Como resultado, uma nova geração de empresas especializadas no uso de dados começa a empregar algoritmos que vasculham esses dados a fim de distinguir os devedores confiáveis daqueles cuja probabilidade de calote seja alta, e calculam o preço dos empréstimos com base nisso.
Algumas --como a Lenddo, de Hong Kong, que no momento opera nas Filipinas e Colômbia-- o fazem avaliando as conexões do usuário no Facebook e Twitter. A chave para obter um empréstimo da Lenddo é ter um grupo de indivíduos de alta confiabilidade como parte de sua rede social.
Se essas pessoas se responsabilizarem pelo solicitante e este receber o empréstimo, os amigos que o referenciaram receberão atualizações sobre o pagamento do empréstimo.
(No passado, a Lenddo ameaçava até notificá-los em caso de problemas no pagamento, o que garantiria o máximo de pressão social.)
De maneira semelhante, a LendUp, dos Estados Unidos, que oferece empréstimos de curto prazo com altas taxas de juros mas permite que os clientes adotem planos com prazo e condições de pagamento melhores em transações posteriores, estuda as atividades de mídia social para garantir que dados factuais fornecidos nos formulários de solicitação sejam compatíveis com o que se pode inferir do Facebook e Twitter.

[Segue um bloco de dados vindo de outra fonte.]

lemma measure_test_deviation_ge:
  fixes g :: "('i \<Rightarrow> 'a) \<Rightarrow> 'a \<Rightarrow> real" and m :: real
  assumes M: "prob_space M" and "finite I" and "S \<subseteq> I"
    and g: "(\<lambda>(x, z). g x z) \<in> borel_measurable (PiM (I - S) (\<lambda>_. M) \<Otimes>\<^sub>M M)"
    and Q: "AE z in M. Q z" and g_bounded: "\<And>x z. Q z \<Longrightarrow> g x z \<in> {0..b}"
    and "0 < b" and "0 \<le> t" and "m \<le> card S"
  shows "measure (PiM I (\<lambda>_. M)) {d \<in> space (PiM I (\<lambda>_. M)). t \<le> \<bar>test_deviation M I S g d\<bar>}
      \<le> 2 * exp (-2 * m * t\<^sup>2 / b\<^sup>2)"
proof -
  have "(I - S) \<inter> S = {}"
    by blast
  then have "measure (PiM ((I - S) \<union> S) (\<lambda>_. M)) {d \<in> space (PiM ((I - S) \<union> S) (\<lambda>_. M)).
        t \<le> \<bar>(\<Sum>i\<in>S. g (restrict d (I - S)) (d i)) / card S - (\<integral>z. g (restrict d (I - S)) z \<partial>M)\<bar>}
      \<le> 2 * exp (-2 * real (card S) * t\<^sup>2 / b\<^sup>2)"
    using Q g_bounded \<open>finite I\<close> finite_subset[OF \<open>S \<subseteq> I\<close>]
    by (intro Hoeffding_PiM_conditional[OF M _ _ _ g _ \<open>0 < b\<close> \<open>0 \<le> t\<close>]) (auto elim!: eventually_mono)
  moreover have "(I - S) \<union> S = I"
    using \<open>S \<subseteq> I\<close> by blast
  ultimately have "measure (PiM I (\<lambda>_. M)) {d \<in> space (PiM I (\<lambda>_. M)). t \<le> \<bar>test_deviation M I S g d\<bar>}
      \<le> 2 * exp (-2 * real (card S) * t\<^sup>2 / b\<^sup>2)"
    unfolding test_deviation_def by simp
  also have "\<dots> \<le> 2 * exp (-2 * m * t\<^sup>2 / b\<^sup>2)"
    using \<open>m \<le> card S\<close> by (simp add: divide_right_mono mult_right_mono)
  finally show ?thesis .
qed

A mídia social é a apenas a ponta do iceberg. A Wonga, uma companhia de empréstimos de curto prazo altamente ambiciosa sediada em Londres, leva em conta até o horário de um pedido de empréstimo e o percurso do solicitante dentro de seu site para determinar se lhe concede ou não o dinheiro (a companhia rejeita dois terços dos primeiros pedidos). A Kreditech, uma companhia alemã que quer prestar "classificação de crédito como serviço", leva em conta 8.000 indicadores, tais como "dados de localização (GPS, microgeográficos), gráfico social (gostos, amigos, localização, posts), análise comportamental (movimento e duração de página de Web), comportamento no comércio eletrônico e dados do aparelho (apps instalados, sistemas operacionais).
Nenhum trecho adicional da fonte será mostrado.